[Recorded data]
○ ○ ○ ○ ○
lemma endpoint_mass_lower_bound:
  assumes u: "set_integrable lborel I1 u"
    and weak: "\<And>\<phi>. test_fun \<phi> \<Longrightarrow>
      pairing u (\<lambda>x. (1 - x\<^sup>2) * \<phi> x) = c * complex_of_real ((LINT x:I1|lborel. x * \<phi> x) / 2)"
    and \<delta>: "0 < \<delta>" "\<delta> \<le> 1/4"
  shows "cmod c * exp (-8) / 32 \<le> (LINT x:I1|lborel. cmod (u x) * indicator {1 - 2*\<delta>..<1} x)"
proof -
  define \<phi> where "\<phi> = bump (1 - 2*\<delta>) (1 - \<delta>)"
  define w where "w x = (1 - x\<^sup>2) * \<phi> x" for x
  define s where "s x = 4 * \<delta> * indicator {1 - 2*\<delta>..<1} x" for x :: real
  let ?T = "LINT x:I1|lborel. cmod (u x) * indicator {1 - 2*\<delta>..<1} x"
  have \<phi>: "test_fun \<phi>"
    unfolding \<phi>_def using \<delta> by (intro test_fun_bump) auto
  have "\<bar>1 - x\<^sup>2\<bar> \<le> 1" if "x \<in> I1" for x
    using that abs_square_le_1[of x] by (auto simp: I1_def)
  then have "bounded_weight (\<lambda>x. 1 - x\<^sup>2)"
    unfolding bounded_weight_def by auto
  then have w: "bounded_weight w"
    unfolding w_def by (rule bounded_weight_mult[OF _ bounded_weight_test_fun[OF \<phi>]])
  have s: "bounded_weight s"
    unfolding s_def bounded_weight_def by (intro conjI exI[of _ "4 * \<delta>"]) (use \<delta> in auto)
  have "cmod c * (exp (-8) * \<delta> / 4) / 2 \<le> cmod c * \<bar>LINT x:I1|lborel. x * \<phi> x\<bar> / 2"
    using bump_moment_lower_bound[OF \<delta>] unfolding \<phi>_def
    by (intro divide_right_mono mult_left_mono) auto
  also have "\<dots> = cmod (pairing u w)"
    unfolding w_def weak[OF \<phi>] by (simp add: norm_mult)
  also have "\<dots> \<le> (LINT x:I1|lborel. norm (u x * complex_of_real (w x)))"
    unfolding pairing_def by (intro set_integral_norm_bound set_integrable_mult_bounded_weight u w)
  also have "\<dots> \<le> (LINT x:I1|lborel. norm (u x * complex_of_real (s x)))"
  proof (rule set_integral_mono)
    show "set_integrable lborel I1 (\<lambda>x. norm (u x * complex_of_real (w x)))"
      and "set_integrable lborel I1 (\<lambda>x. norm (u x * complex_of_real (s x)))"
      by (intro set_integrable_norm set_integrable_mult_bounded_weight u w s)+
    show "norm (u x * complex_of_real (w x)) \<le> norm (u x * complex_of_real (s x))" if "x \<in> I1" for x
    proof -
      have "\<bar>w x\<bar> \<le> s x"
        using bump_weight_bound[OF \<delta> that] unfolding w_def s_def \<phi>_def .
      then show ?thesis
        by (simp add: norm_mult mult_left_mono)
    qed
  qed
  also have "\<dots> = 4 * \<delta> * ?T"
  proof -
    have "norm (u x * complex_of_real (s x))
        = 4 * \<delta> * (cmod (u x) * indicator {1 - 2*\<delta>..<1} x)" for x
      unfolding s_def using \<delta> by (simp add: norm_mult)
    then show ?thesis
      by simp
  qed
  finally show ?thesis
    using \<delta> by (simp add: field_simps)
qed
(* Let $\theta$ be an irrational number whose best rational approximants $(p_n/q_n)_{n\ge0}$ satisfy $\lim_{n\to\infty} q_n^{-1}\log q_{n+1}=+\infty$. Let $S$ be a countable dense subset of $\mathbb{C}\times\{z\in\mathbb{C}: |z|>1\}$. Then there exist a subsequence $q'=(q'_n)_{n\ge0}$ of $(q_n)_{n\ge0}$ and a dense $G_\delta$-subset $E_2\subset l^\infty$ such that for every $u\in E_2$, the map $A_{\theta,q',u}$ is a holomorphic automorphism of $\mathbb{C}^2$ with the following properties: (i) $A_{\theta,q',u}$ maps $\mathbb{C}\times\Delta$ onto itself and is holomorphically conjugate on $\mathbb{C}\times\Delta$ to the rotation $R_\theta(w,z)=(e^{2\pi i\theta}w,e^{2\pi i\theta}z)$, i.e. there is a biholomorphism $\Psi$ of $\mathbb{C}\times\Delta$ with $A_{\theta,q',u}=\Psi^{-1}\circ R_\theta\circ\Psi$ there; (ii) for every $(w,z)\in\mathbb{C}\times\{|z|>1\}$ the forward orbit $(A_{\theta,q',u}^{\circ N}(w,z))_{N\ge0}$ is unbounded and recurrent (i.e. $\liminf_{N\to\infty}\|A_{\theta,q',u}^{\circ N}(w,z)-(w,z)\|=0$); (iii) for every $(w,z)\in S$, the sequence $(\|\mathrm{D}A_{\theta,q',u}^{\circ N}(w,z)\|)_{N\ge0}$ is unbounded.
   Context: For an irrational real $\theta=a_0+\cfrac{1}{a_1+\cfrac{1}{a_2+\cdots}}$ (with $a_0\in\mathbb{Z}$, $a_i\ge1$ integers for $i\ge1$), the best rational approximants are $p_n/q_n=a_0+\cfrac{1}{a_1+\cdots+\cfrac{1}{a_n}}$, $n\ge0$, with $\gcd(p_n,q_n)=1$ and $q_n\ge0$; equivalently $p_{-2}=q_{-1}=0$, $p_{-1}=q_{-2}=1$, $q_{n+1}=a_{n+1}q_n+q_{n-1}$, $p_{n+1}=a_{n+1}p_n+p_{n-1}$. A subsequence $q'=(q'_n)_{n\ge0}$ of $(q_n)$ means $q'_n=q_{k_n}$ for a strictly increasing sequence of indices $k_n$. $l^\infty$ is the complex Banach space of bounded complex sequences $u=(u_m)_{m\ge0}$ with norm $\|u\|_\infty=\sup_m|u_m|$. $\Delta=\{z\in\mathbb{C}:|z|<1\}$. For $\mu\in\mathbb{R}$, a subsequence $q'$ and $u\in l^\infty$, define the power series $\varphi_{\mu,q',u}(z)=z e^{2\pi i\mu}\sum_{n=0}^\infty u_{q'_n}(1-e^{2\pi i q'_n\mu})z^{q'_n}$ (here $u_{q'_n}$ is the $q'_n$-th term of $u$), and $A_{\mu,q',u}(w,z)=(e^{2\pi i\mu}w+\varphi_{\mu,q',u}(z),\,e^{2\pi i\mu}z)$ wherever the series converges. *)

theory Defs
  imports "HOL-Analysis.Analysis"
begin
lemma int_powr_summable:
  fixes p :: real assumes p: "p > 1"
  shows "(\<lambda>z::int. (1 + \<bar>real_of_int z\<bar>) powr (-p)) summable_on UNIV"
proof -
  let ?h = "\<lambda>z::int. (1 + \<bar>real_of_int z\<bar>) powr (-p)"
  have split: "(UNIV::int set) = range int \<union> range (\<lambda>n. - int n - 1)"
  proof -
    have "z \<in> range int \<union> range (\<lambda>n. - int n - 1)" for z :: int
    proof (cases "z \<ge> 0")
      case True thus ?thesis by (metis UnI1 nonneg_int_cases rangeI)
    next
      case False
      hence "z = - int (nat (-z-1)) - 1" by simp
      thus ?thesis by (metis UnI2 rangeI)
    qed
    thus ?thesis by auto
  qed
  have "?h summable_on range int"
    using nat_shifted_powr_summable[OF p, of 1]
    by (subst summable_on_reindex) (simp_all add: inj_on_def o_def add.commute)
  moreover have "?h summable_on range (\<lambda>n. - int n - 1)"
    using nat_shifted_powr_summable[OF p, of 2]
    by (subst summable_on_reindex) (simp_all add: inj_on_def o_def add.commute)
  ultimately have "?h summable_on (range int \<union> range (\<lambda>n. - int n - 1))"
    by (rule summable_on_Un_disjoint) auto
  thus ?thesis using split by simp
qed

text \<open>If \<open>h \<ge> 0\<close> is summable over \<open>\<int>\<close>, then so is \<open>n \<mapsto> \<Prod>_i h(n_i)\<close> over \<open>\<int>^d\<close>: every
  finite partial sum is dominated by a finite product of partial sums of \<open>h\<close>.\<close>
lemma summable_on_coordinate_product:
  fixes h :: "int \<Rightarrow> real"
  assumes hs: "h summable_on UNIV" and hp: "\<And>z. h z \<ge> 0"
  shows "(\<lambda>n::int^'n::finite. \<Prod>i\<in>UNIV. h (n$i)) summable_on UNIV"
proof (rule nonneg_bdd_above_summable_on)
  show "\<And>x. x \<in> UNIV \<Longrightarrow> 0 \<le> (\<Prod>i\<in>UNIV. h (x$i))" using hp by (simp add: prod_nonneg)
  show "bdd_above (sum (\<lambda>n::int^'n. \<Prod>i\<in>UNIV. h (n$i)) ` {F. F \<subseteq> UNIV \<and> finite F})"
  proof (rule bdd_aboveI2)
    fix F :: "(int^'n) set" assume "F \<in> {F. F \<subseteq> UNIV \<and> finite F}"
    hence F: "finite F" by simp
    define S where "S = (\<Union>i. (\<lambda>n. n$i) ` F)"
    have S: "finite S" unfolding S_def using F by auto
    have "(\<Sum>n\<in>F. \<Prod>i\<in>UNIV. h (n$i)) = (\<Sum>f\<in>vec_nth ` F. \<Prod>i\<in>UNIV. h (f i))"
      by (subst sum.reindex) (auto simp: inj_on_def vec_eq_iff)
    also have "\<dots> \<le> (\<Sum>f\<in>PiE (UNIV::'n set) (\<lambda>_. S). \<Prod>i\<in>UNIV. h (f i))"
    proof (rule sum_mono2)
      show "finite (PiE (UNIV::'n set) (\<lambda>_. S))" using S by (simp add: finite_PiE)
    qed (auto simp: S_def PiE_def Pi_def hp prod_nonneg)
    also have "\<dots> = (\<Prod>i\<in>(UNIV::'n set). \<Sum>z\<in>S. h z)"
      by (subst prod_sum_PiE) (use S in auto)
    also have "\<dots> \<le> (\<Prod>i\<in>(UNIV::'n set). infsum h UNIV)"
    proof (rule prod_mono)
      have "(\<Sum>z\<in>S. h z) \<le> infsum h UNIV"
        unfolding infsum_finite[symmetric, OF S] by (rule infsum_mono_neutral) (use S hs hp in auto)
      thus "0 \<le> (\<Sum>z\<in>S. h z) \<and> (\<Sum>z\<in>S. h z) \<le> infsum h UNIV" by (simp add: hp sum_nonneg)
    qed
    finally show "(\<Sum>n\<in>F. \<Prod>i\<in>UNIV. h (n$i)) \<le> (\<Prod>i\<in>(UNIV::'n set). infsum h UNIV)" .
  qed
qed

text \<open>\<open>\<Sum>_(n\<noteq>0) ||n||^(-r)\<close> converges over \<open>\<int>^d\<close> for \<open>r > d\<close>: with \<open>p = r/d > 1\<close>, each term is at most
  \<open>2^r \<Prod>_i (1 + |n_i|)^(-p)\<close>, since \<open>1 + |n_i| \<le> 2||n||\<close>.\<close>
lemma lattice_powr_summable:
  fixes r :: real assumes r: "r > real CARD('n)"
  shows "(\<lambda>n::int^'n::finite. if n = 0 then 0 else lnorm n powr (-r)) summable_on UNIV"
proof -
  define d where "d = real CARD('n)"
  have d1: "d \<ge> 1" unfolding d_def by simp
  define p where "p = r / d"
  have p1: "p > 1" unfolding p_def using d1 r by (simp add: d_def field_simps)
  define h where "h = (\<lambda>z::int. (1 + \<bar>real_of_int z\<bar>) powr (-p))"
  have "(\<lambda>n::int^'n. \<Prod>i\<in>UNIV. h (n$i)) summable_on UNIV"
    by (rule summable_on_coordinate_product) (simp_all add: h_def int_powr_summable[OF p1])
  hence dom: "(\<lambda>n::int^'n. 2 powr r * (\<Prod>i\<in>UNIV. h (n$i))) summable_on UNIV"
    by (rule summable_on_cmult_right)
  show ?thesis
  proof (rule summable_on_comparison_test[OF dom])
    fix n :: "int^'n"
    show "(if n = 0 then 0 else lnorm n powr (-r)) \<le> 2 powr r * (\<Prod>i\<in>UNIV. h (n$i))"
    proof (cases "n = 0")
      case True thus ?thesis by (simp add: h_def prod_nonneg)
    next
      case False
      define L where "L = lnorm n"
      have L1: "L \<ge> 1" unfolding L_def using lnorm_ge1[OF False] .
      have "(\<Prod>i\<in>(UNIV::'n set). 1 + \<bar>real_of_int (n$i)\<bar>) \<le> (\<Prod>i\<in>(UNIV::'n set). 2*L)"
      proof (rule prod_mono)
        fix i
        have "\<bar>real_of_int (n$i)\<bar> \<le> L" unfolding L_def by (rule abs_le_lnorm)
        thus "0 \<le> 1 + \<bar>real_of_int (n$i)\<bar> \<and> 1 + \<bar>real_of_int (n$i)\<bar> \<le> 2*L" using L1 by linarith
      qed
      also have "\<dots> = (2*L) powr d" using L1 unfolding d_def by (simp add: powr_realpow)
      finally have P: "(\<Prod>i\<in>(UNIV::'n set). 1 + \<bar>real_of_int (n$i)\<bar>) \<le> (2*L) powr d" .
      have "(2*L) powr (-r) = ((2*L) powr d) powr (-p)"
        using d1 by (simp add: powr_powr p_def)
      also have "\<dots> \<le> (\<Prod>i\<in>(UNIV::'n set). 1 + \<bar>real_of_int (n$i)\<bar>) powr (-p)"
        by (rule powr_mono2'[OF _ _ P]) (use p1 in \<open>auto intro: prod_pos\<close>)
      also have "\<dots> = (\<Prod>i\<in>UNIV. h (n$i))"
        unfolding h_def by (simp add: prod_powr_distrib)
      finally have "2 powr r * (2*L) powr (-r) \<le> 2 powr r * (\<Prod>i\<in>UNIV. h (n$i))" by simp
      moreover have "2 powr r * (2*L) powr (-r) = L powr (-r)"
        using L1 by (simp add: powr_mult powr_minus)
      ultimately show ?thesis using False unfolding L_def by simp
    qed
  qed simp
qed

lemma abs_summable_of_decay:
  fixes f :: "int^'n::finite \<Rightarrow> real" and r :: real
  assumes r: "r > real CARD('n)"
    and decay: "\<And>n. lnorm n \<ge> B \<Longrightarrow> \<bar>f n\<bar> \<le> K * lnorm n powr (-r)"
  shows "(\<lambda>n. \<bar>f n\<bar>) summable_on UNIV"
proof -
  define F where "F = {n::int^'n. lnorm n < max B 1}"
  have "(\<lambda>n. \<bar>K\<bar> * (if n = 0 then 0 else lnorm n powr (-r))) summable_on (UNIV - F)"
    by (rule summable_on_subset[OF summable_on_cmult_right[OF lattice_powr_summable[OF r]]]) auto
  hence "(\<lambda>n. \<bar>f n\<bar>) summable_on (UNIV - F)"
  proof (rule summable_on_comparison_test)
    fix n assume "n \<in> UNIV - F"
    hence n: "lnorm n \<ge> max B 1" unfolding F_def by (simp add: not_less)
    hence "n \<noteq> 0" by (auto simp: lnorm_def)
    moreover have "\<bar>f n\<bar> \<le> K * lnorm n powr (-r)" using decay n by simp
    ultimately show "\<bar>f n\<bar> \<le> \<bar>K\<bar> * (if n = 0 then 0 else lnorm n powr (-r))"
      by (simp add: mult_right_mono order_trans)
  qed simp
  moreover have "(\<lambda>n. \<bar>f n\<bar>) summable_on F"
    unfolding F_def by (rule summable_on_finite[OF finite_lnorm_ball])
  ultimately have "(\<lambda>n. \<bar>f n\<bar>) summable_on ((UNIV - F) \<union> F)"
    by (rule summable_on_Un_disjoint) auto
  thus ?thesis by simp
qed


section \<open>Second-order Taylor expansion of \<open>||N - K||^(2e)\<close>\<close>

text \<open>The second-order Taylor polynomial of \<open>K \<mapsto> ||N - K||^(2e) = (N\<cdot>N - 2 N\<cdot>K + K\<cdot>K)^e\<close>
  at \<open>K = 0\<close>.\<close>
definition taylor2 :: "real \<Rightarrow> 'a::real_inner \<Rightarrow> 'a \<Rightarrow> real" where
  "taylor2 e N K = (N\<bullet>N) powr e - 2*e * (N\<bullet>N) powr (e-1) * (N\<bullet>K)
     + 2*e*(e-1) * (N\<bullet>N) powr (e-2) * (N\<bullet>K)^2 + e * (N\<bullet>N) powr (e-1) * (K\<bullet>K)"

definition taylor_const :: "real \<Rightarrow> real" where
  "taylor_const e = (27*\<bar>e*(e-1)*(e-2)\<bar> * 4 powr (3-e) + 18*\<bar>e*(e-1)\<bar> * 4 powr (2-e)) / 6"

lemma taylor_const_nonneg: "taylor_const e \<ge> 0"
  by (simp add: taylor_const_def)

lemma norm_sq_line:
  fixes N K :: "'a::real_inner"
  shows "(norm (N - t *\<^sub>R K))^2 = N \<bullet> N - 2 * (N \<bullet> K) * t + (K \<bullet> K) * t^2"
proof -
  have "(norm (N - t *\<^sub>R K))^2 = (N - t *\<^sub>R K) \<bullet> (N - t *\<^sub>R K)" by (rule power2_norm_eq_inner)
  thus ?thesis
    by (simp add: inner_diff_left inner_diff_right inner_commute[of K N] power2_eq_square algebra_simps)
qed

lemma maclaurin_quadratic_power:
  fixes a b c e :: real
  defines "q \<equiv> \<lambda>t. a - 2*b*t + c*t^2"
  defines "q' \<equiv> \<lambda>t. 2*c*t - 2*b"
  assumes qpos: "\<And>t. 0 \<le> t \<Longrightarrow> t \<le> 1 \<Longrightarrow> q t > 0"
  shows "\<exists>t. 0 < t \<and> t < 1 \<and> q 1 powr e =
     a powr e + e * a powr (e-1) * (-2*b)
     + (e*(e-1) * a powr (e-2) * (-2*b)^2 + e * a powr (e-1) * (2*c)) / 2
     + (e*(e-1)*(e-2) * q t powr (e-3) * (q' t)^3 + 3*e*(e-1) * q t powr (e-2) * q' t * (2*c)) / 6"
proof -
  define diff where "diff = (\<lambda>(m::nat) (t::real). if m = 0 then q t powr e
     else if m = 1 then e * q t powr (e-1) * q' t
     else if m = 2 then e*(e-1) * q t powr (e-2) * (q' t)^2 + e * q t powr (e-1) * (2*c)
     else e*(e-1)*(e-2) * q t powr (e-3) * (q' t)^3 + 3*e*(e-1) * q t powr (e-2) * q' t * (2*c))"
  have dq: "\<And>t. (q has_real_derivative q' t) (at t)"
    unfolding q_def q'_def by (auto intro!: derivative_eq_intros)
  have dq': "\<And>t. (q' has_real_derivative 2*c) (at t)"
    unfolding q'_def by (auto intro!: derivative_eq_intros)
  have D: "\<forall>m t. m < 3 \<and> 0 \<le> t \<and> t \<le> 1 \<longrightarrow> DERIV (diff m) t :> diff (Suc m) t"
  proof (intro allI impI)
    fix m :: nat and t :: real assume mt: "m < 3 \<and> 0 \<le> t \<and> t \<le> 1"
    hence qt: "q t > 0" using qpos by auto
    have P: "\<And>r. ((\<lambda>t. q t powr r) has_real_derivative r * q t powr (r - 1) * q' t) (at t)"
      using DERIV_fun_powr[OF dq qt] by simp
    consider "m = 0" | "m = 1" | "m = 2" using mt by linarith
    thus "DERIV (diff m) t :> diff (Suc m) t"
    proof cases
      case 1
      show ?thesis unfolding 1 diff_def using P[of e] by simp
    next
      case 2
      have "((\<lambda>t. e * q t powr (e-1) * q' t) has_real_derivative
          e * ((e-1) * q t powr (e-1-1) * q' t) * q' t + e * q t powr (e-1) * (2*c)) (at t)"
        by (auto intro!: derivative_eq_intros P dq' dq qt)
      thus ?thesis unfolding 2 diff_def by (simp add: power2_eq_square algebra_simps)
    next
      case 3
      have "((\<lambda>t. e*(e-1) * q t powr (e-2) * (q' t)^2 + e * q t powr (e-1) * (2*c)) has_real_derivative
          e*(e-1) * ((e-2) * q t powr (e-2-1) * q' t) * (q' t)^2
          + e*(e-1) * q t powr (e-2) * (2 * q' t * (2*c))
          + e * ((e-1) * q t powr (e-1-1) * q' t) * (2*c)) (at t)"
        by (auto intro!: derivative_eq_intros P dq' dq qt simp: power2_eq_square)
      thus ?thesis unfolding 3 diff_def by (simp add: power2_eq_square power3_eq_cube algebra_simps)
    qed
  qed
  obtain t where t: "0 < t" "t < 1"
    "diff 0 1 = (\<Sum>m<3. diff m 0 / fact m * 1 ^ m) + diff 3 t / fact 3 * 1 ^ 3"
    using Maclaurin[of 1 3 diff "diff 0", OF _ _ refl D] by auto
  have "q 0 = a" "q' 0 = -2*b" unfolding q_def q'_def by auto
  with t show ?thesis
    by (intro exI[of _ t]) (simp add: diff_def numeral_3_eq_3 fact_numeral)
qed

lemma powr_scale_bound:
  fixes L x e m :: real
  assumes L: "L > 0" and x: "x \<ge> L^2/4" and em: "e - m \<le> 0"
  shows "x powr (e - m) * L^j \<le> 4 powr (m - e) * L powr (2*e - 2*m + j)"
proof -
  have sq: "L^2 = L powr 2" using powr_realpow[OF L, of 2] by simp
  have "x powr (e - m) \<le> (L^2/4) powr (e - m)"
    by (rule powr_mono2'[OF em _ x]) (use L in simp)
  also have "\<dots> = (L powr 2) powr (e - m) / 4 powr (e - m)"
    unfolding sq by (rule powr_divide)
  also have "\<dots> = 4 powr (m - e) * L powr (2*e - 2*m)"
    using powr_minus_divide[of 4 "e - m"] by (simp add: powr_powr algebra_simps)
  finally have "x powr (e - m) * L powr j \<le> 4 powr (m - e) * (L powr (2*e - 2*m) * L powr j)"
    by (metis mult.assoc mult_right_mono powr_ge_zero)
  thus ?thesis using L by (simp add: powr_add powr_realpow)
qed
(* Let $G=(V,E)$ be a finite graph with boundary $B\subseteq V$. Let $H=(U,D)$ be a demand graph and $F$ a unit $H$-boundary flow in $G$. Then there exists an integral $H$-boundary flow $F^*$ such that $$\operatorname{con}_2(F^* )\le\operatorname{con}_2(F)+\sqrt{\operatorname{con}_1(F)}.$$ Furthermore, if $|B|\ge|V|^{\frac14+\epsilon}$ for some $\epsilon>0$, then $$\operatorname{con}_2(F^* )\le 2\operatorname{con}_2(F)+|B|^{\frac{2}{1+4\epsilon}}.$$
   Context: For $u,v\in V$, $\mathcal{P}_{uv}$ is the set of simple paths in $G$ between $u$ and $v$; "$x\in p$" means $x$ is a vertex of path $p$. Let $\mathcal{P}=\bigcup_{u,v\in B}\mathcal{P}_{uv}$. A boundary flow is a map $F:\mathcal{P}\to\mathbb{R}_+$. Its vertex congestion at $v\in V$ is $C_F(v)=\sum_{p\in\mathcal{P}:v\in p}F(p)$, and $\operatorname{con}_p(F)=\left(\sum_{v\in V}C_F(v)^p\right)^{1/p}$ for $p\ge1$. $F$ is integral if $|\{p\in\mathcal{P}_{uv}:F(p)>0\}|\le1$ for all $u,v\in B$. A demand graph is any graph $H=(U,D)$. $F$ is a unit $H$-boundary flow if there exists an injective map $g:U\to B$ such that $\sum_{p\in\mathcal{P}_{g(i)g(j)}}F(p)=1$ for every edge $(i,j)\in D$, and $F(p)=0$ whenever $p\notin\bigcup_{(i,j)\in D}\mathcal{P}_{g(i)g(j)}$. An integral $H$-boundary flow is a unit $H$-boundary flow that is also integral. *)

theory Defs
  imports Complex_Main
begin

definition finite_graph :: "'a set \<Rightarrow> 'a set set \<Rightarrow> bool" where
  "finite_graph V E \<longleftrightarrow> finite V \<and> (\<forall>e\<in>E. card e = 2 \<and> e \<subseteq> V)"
○ ○ ○ ○ ○
> [TASK DESCRIPTION]
In these entries, some lines may contain the string "imports". Give the number of such lines and nothing more.

> [RESULT]
2